Transform Text into Realistic Audio with Suno-AI Bark Actions

22 Apr 2025
Transform Text into Realistic Audio with Suno-AI Bark Actions

In today's digital landscape, the ability to generate rich audio content from text is more critical than ever. The Suno-AI Bark Cognitive Actions offer developers the chance to harness a powerful text-to-audio model capable of producing realistic multilingual speech and various audio elements from simple text prompts. This guide covers the key features of the Generate Audio From Text Prompt action, which allows for comprehensive audio synthesis, including nonverbal communications like laughter and sighs.

Prerequisites

Before you start integrating the Suno-AI Bark Cognitive Actions, ensure you have the following:

  • An API key for the Cognitive Actions platform.
  • Basic familiarity with making HTTP requests and handling JSON data.

Authentication typically involves passing your API key in the request headers, which we'll detail in our conceptual usage examples.

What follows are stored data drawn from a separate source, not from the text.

(* In the QC setting, suppose the weights are $\alpha(i)=\frac{a}{(i+1)^{\tau}}$ with $a>0$ and $\tfrac12<\tau\le1$. Let $\theta$ be the a.s. finite random variable with $\mathbf{x}(i)\to\theta\mathbf{1}$ a.s. (which exists for the QC recursion). Then $\lim_{i\to\infty}\mathbb{E}\big[(x_n(i)-\theta)^2\big]=0$ for every $n=1,\dots,N$.
   Context: QC setting. Let $N\ge 2$; all random objects live on one probability space. $\{L(i)\}_{i\ge0}$ is an i.i.d. sequence of random graph Laplacians $L(i)=D(i)-A(i)$, where $A(i)$ is the adjacency matrix (symmetric, $\{0,1\}$-valued, zero diagonal) of a random undirected simple graph on $\{1,\dots,N\}$, $D(i)=\mathrm{diag}(d_1(i),\dots,d_N(i))$ with $d_n(i)$ the degree of node $n$, and $\Omega_n(i)=\{l:A_{nl}(i)=1\}$. Link failures at a given time may be arbitrarily correlated across edges. Let $\overline{L}=\mathbb{E}[L(i)]$ with eigenvalues $0=\lambda_1(\overline{L})\le\lambda_2(\overline{L})\le\cdots\le\lambda_N(\overline{L})$; assume $\lambda_2(\overline{L})>0$. $\mathcal{M}$ denotes the set of realizable edges. Quantizer: step $\Delta>0$, $q(y)=k\Delta$ if $(k-\tfrac12)\Delta\le y<(k+\tfrac12)\Delta$, $k\in\mathbb{Z}$. Dither: $\{\nu_{nl}(i)\}$ i.i.d. uniform on $[-\Delta/2,\Delta/2)$, independent of $\{L(i)\}$. QC recursion: $x_n(i+1)=(1-\alpha(i)d_n(i))x_n(i)+\alpha(i)\sum_{l\in\Omega_n(i)}q(x_l(i)+\nu_{nl}(i))$, with deterministic $\mathbf{x}(0)\in\mathbb{R}^N$. With $\varepsilon_{nl}(i)=q(x_l(i)+\nu_{nl}(i))-(x_l(i)+\nu_{nl}(i))$, $\Upsilon_n(i)=-\sum_{l\in\Omega_n(i)}\nu_{nl}(i)$, $\Psi_n(i)=-\sum_{l\in\Omega_n(i)}\varepsilon_{nl}(i)$, this reads $\mathbf{x}(i+1)=\mathbf{x}(i)-\alpha(i)[L(i)\mathbf{x}(i)+\Upsilon(i)+\Psi(i)]$. Conditionally on $\mathbf{x}(0),\{L(j),\Upsilon(j),\Psi(j)\}_{j<i}$ and $L(i)$, the $\varepsilon_{nl}(i)$ are i.i.d. uniform on $[-\Delta/2,\Delta/2)$ (as are the $\nu_{nl}(i)$). *)

theory Defs
  imports "HOL-Probability.Probability" "HOL-Computational_Algebra.Polynomial"
begin

text \<open>Graphs on the finite node type 'n are given by adjacency predicates
  G :: 'n => 'n => bool (symmetric, irreflexive).\<close>

definition deg :: "('n::finite \<Rightarrow> 'n \<Rightarrow> bool) \<Rightarrow> 'n \<Rightarrow> nat" where
  "deg G n = card {l. G n l}"

definition lap :: "('n::finite \<Rightarrow> 'n \<Rightarrow> bool) \<Rightarrow> 'n \<Rightarrow> 'n \<Rightarrow> real" where
  "lap G n l = (if n = l then real (deg G n) else 0) - (if G n l then 1 else 0)"

text \<open>Quantizer: q(y) = k*Delta iff (k - 1/2) Delta <= y < (k + 1/2) Delta.\<close>
definition quant :: "real \<Rightarrow> real \<Rightarrow> real" where
  "quant \<Delta> y = \<Delta> * of_int \<lfloor>y / \<Delta> + 1/2\<rfloor>"

definition charpoly :: "real^'n^'n \<Rightarrow> real poly" where
  "charpoly A = det (\<chi> i j. (if i = j then [:0, 1:] else 0) - [:A $ i $ j:])"

definition eigenvalues_sorted :: "real^'n^'n \<Rightarrow> real list" where
  "eigenvalues_sorted A = sorted_list_of_multiset (proots (charpoly A))"

text \<open>lambda_2: the second smallest eigenvalue (index 1 of the sorted list).\<close>
definition lambda2 :: "real^'n^'n \<Rightarrow> real" where
  "lambda2 A = eigenvalues_sorted A ! 1"

end

theory Submission
  imports Defs "HOL-Real_Asymp.Real_Asymp"
begin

Cognitive Actions Overview

Generate Audio From Text Prompt

The Generate Audio From Text Prompt action utilizes the Bark model to create realistic audio based on textual input. This includes not only spoken words but also various sounds and effects that enrich the audio experience, making it suitable for applications in gaming, virtual environments, and more.

  • Category: Text-to-Speech

Input

The input schema for this action requires the following fields:

  • prompt (string, required): The text to guide the audio generation. For example:
    {
      "prompt": "Hello, my name is Suno. And, uh — and I like pizza. [laughs] But I also have other interests such as playing tic tac toe."
    }
    
  • outputFull (boolean, optional): If set to true, returns the full generation output as a .npz file.
    • Default: false
  • historyPrompt (string, optional): Select a preset history for audio cloning from a variety of speaker options.
  • customHistoryPrompt (string, optional): A URI pointing to a custom .npz file for audio cloning, overriding the history prompt selection.
  • textTemperature (number, optional): Controls the randomness of text generation. Defaults to 0.7.
  • waveformTemperature (number, optional): Controls the randomness of waveform generation. Defaults to 0.7.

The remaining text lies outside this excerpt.